* [What is needed]: One figure is the whole answer: the number of lines below that contain the word "makes".

Collected data entries
Start of Block

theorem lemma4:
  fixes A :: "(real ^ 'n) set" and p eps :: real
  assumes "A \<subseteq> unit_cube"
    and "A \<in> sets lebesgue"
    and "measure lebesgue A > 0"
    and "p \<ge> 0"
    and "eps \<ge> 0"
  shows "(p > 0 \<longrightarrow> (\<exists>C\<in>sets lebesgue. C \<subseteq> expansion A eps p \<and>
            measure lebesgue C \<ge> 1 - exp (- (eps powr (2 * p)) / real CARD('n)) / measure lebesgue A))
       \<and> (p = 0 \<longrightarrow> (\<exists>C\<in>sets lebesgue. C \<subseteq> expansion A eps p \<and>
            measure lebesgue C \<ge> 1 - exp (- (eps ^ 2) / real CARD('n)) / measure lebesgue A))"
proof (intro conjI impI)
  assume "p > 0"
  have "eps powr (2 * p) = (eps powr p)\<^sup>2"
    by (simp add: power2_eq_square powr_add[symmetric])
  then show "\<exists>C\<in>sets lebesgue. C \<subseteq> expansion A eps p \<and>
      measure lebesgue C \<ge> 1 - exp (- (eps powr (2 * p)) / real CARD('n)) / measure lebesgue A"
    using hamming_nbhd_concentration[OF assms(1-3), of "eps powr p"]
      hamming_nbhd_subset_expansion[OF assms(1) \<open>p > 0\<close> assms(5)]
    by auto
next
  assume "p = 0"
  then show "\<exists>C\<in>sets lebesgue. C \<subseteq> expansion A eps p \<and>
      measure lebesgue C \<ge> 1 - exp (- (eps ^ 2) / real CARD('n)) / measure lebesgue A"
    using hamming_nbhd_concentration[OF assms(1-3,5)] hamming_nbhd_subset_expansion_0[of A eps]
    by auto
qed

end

End of Block
Start of Block

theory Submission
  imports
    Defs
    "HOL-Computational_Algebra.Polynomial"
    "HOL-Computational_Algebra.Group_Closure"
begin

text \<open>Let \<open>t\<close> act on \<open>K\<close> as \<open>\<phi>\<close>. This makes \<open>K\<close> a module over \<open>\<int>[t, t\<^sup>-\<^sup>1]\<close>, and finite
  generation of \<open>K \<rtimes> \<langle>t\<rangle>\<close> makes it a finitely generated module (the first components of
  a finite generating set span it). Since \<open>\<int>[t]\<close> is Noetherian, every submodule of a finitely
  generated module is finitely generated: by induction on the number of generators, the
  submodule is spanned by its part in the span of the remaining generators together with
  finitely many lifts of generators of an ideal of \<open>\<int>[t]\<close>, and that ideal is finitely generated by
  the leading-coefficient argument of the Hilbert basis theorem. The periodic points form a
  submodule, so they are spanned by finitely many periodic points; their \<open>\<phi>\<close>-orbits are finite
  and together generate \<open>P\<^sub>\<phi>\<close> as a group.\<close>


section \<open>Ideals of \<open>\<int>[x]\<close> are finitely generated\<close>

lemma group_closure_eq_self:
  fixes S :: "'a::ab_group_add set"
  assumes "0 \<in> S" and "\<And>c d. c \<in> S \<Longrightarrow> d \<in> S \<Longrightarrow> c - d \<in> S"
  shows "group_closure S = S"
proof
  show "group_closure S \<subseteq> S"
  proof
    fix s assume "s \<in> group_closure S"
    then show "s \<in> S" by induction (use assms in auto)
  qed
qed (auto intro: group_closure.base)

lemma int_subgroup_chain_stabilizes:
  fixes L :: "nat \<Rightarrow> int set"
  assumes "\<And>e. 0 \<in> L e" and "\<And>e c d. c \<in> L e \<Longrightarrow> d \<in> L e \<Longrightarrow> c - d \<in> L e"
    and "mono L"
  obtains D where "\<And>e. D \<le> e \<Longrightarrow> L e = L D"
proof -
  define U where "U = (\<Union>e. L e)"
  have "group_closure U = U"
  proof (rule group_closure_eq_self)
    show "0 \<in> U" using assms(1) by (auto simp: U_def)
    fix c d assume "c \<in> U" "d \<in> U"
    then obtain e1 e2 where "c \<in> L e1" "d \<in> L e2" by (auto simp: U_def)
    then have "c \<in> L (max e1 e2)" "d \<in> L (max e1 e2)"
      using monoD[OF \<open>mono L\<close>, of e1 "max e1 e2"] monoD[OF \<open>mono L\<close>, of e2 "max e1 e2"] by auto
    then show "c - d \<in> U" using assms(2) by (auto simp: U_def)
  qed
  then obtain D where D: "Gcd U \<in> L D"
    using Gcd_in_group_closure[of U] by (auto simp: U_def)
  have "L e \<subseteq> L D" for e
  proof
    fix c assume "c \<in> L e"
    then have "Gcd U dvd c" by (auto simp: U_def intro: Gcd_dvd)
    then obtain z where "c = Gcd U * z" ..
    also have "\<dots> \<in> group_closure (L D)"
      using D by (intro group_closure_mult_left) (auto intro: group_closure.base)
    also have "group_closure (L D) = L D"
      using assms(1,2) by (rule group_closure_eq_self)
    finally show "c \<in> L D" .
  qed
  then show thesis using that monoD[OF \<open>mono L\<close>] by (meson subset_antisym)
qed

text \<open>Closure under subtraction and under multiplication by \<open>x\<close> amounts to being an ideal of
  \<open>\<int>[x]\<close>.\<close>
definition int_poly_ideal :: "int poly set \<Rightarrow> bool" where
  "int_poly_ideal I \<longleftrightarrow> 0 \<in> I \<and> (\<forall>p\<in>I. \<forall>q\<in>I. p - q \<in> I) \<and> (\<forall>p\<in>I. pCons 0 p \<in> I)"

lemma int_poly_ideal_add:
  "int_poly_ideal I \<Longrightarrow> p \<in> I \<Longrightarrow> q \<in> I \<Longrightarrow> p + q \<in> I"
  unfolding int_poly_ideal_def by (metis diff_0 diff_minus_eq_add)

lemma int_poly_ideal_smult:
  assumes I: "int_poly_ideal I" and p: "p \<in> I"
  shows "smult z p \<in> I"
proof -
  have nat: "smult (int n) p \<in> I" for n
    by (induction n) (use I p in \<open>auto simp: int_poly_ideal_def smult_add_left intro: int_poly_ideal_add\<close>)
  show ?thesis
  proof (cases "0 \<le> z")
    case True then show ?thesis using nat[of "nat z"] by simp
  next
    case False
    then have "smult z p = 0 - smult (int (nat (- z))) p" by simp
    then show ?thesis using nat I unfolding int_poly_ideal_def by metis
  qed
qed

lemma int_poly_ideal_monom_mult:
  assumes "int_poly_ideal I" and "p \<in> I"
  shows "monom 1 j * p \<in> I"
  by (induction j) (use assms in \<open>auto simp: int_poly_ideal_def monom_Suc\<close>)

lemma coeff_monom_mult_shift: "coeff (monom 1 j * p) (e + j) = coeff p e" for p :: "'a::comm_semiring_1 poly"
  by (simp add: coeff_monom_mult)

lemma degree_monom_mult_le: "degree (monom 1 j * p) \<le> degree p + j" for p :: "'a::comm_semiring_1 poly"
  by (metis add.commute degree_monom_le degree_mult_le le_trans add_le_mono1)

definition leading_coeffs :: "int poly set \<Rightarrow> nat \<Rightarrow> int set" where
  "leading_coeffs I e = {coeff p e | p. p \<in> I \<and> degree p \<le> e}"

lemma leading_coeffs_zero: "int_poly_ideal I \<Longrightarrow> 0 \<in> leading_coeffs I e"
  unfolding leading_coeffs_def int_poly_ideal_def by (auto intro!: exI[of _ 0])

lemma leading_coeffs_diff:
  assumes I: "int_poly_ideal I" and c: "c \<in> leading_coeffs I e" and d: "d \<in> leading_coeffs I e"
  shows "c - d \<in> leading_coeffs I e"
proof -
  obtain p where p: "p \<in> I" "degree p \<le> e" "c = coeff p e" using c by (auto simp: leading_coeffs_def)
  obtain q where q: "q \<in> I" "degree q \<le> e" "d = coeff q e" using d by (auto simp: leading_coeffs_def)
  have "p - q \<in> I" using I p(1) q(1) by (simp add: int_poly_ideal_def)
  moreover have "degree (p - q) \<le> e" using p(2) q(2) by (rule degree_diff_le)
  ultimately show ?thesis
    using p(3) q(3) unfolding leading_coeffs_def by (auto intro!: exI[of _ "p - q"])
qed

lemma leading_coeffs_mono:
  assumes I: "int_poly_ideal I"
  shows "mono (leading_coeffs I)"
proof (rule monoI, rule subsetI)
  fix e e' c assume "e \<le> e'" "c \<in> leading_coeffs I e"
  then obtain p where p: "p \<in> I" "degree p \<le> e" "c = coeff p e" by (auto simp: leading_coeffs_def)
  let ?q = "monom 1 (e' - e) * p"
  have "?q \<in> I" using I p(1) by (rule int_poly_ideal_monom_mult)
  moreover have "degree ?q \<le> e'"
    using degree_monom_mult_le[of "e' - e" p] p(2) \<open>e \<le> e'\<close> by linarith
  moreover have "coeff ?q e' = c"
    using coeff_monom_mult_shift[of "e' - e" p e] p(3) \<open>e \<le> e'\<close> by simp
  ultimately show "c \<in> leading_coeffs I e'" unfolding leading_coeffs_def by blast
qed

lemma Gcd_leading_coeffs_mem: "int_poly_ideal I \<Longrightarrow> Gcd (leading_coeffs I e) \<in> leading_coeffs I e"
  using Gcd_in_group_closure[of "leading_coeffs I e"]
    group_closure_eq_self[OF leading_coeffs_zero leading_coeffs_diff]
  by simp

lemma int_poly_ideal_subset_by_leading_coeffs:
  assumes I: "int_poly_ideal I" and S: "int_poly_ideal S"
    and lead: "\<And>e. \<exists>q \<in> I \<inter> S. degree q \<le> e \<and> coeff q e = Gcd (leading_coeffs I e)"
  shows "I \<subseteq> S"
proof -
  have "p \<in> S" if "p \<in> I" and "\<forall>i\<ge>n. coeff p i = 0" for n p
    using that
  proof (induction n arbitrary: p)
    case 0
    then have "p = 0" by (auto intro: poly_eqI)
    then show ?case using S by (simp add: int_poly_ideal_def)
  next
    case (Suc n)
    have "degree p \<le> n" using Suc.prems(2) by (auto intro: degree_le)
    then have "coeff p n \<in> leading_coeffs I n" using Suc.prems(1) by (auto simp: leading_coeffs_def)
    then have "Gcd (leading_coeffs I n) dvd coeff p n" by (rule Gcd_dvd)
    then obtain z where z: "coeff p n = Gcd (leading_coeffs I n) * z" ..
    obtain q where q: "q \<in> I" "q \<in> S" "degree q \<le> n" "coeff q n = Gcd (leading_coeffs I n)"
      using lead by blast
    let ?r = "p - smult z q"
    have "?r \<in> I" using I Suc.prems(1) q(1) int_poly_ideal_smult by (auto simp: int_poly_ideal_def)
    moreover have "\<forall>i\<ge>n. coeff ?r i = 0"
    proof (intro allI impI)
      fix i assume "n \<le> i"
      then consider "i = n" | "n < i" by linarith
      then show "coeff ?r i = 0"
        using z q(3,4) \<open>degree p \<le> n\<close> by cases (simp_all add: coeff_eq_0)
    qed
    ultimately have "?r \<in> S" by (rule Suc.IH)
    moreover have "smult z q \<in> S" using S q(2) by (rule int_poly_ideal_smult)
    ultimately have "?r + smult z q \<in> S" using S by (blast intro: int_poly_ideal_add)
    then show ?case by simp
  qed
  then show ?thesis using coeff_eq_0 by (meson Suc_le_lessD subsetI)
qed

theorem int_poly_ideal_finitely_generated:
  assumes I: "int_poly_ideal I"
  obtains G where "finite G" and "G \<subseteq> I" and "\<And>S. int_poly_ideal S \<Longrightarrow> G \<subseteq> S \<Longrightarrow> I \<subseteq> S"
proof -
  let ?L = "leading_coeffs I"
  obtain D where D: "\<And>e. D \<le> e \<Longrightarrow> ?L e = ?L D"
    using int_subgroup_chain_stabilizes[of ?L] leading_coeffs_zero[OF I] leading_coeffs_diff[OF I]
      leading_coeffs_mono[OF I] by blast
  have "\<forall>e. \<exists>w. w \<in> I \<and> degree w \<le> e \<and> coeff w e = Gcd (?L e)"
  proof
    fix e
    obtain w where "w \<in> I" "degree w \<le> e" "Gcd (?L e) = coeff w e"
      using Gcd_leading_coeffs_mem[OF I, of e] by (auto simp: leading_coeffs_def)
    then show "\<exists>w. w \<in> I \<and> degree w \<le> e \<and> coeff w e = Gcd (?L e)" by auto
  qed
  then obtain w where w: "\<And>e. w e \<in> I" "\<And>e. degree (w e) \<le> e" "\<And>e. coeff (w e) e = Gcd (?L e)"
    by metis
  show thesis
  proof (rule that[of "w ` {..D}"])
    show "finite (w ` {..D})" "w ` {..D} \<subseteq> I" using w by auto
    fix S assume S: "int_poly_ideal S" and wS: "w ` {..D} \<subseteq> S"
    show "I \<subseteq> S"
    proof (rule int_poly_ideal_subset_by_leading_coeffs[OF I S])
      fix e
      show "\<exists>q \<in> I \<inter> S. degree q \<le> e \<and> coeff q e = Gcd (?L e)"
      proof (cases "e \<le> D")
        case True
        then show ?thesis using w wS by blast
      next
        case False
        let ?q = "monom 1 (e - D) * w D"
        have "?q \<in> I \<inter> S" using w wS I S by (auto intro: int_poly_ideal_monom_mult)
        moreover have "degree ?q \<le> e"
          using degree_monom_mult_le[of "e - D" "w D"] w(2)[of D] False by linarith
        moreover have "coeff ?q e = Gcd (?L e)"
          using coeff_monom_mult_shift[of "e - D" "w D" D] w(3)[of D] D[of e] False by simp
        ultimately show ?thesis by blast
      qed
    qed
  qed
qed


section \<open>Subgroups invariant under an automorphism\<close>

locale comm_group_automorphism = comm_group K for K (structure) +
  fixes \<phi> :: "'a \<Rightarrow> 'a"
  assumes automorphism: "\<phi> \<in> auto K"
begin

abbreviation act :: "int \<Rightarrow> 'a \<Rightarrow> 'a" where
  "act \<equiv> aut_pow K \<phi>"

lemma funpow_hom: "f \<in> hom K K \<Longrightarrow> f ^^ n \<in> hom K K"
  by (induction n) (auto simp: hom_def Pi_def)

End of Block
Start of Block

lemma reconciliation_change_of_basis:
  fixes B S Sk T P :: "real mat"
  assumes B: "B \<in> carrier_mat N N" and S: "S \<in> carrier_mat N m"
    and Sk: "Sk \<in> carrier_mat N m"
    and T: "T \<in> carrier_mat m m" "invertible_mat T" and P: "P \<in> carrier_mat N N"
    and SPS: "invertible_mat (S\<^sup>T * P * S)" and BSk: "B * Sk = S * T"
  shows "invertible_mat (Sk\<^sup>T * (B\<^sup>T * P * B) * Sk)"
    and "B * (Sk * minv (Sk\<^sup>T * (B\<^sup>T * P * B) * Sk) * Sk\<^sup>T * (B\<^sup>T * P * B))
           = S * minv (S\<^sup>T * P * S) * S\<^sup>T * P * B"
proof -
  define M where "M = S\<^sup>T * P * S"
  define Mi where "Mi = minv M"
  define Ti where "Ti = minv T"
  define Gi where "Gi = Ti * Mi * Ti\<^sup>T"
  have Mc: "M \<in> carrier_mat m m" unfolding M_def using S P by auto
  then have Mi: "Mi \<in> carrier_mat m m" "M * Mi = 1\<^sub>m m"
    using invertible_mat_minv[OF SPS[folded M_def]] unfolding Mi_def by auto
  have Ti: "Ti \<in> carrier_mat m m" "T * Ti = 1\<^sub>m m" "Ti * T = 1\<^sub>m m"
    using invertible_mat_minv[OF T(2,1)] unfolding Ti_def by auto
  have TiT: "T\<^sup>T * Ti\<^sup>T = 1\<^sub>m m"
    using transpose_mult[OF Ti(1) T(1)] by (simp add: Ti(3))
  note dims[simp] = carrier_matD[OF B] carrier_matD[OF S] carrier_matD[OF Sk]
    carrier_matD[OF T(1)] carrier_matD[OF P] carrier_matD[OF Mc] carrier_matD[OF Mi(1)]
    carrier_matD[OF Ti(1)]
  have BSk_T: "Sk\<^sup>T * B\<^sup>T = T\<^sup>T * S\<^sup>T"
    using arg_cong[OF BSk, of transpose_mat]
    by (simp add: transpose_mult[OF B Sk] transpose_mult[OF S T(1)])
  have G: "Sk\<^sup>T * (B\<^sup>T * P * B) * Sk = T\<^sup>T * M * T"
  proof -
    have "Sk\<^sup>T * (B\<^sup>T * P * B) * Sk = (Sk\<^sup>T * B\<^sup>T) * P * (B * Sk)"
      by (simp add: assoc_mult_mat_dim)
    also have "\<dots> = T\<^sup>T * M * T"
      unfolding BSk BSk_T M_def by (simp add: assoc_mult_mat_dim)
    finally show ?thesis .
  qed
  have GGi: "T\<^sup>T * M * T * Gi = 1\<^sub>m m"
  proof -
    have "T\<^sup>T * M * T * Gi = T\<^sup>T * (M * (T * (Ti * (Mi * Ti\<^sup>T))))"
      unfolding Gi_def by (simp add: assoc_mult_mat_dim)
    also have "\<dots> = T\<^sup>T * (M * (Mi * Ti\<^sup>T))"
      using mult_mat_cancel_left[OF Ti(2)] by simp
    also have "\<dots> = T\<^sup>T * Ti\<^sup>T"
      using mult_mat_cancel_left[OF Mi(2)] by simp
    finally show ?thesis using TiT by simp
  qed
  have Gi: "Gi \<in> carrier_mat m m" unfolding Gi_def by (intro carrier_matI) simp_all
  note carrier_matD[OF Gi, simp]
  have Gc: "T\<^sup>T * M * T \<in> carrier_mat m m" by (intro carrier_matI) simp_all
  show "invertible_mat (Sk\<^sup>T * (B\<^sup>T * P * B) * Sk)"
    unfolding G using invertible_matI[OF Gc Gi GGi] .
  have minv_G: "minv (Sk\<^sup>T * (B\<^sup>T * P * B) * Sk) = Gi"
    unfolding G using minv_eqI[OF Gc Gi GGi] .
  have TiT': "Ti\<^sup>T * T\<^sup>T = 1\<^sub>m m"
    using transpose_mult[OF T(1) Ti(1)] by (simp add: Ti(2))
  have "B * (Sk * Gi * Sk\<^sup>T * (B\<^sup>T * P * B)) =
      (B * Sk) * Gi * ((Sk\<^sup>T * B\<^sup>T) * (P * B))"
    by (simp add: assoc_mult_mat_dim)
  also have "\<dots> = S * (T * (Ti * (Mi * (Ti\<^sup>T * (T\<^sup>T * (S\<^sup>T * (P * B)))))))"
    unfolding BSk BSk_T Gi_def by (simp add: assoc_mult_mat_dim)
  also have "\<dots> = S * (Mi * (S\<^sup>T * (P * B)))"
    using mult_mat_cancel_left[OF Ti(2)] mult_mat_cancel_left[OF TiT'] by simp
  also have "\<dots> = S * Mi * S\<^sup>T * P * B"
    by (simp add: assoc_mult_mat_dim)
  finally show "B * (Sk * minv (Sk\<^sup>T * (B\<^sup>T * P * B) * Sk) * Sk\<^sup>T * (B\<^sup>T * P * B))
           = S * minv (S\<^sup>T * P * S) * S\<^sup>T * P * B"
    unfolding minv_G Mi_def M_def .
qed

End of Block

* [Written response]: 2